# Blurry or fuzzy white ink



## Sunro (Apr 19, 2008)

Hello all ...

We are having a rather odd problem with our Blazer Pro. When printing white ink, the images or lettering at the start of the head travel (closest to the capping station) is always less dense and is blurry or fuzzy-edged, but on the far end of head travel the ink is stronger and clearly focused. This problem has been slowly getting worse in the past couple of weeks.

We've checked print head height at both ends of the head travel and it's consistent (about 3 millimeters). CMYK inks do not seem to exhibit this problem, only the white. We've done a power clean to ensure the white channels are clear, and the nozzle check looks ok (although not quite perfect).

Does anyone have suggestions as to what might be happening? This is becoming a print quality issue for us.

Thanks for any insights you may have!


----------



## zhenjie (Aug 27, 2006)

Is the ribbon cable clean?


----------



## LogoDaddy (Sep 26, 2007)

Are you sure that you are pre-treating evenly from top to bottom, and heat pressing properly? Sounds funny, but I bet it isnt a machine issue...but a pretreatment one!


----------



## Sunro (Apr 19, 2008)

Thanks for the hints! We did examine the pretreatment and it seems fine. The 'fuzziness' looks more like the ink nozzles are firing at the wrong time. I'm willing to bet it's not just white ink that's fuzzy but because we use so much of it, it masks possible errors in the CMYK inks as well.

After searching this forum last evening (which I should have done more thoroughly earlier), I discovered a suggestion that perhaps the encoder strip is dirty at the capping station end of head travel. The printer is developing a slight coating of ink mist around the inside despite the exhaust fans, so it's possible we need to more thoroughly clean the strip, perhaps more than once per day. That ink mist gets everywhere, and we've been keeping the printer very busy these days.

I've asked the US Screen folks if it's possible to also safely clean the encoder sensor, since it's a good bet that some of the stray mist has gotten into it.

We'll be printing again later today and should find out if this is the problem.


----------



## zhenjie (Aug 27, 2006)

Whoops, sorry thats what I meant before, the encoder strip. get some alchohol wipes and gently wipe away the ink deposits, very easy to do and ifyou dont wipe hard its very safe as well.
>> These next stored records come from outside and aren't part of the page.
(* Under the standing setup below, if $\beta_n\to\infty$ and $\beta_nn^{-\alpha}\to0$, then $Z_n/\mathbb E[Z_n]\to1$ in probability and $\dfrac{Z_n}{C(q)\,n\,\beta_n^{-1/\alpha}\,\Gamma(\frac1\alpha+1)}\to1$ in probability.
   Context: Standing setup: Fix an integer $d\ge 2$; let $\mathbb S^{d-1}\subset\mathbb R^d$ be the unit sphere with surface measure $\sigma$. Fix $q\in\mathbb S^{d-1}$. Let $x_1,x_2,\dots$ be i.i.d. random vectors on $\mathbb S^{d-1}$ with law $\rho(x)\,d\sigma(x)$, where $\rho$ is a $C^2$ probability density on $\mathbb S^{d-1}$ with $\rho(q)>0$. Let $(\beta_n)$ be positive reals, $\alpha=2/(d-1)$, $T_i=1-\langle q,x_i\rangle$, $Z_n=\sum_{j=1}^ne^{-\beta_nT_j}$, and $C(q)=\frac{2^{1/\alpha}\sigma_{d-2}}{d-1}\rho(q)$ with $\sigma_{d-2}$ the surface area of $\mathbb S^{d-2}$. *)

theory Defs
  imports "HOL-Probability.Probability"
begin

text \<open>Surface measure on the unit sphere of the Euclidean space 'a, obtained via the
  cone construction: sigma(A) = d * Leb{t x : x in A, 0 < t <= 1}, i.e. d times the
  push-forward of Lebesgue measure on the closed unit ball under x |-> x/|x|.\<close>
definition sphere_surface_measure :: "('a::euclidean_space) measure" where
  "sphere_surface_measure =
     scale_measure (ennreal (real DIM('a)))
       (distr (density lborel (indicator (cball 0 1))) borel sgn)"

text \<open>Surface area of the unit sphere S^{k} in R^{k+1}: (k+1) times the volume of the
  unit ball in R^{k+1}.\<close>
definition sphere_area :: "nat \<Rightarrow> real" where
  "sphere_area k = real (k + 1) * unit_ball_vol (real (k + 1))"

definition C2_on :: "('a::euclidean_space) set \<Rightarrow> ('a \<Rightarrow> real) \<Rightarrow> bool" where
  "C2_on U g \<longleftrightarrow> (\<exists>D :: 'a \<Rightarrow> ('a \<Rightarrow>\<^sub>L real). \<exists>D2 :: 'a \<Rightarrow> ('a \<Rightarrow>\<^sub>L ('a \<Rightarrow>\<^sub>L real)).
      (\<forall>x\<in>U. (g has_derivative blinfun_apply (D x)) (at x)) \<and>
      (\<forall>x\<in>U. (D has_derivative blinfun_apply (D2 x)) (at x)) \<and>
      continuous_on U D2)"

definition C2_on_sphere :: "(('a::euclidean_space) \<Rightarrow> real) \<Rightarrow> bool" where
  "C2_on_sphere \<rho> \<longleftrightarrow> (\<exists>U g. open U \<and> sphere 0 1 \<subseteq> U \<and> C2_on U g \<and>
      (\<forall>x\<in>sphere 0 1. g x = \<rho> x))"

definition conv_in_prob :: "'a measure \<Rightarrow> (nat \<Rightarrow> 'a \<Rightarrow> real) \<Rightarrow> ('a \<Rightarrow> real) \<Rightarrow> bool" where
  "conv_in_prob M Y L \<longleftrightarrow>
     (\<forall>e>0. (\<lambda>n. measure M {\<omega>\<in>space M. \<bar>Y n \<omega> - L \<omega>\<bar> > e}) \<longlonglongrightarrow> 0)"

end

theory Submission
  imports Defs "HOL-Real_Asymp.Real_Asymp"
begin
Worse comes to worse you just replace the encoder strip. Cheapest part about the DTG machine, should be less then $20


----------



## Sunro (Apr 19, 2008)

*Re: Blurry or fuzzy white ink (solved)*

It was indeed a dirty encoder strip, and it makes sense that the capping station end would be worse than the opposite end, since more printing (and spitting in the spit cup) takes place there, especially when you use Printer Jockey each morning to keep the white ink flowing.

A thorough cleaning of the strip with several alcohol pads seems to have made a big difference. A helpful hint about cleaning the sensor itself came from US Screen ... carefully "floss" thru it with an alcohol pad to clean the sensor windows.

The cause? .... I discovered that one of the exhaust fan connectors was intermittent, and two of the three fans were not running. This caused an abnormally high amount of ink mist to collect inside the printer case. That's fixed.

Problem solved.


----------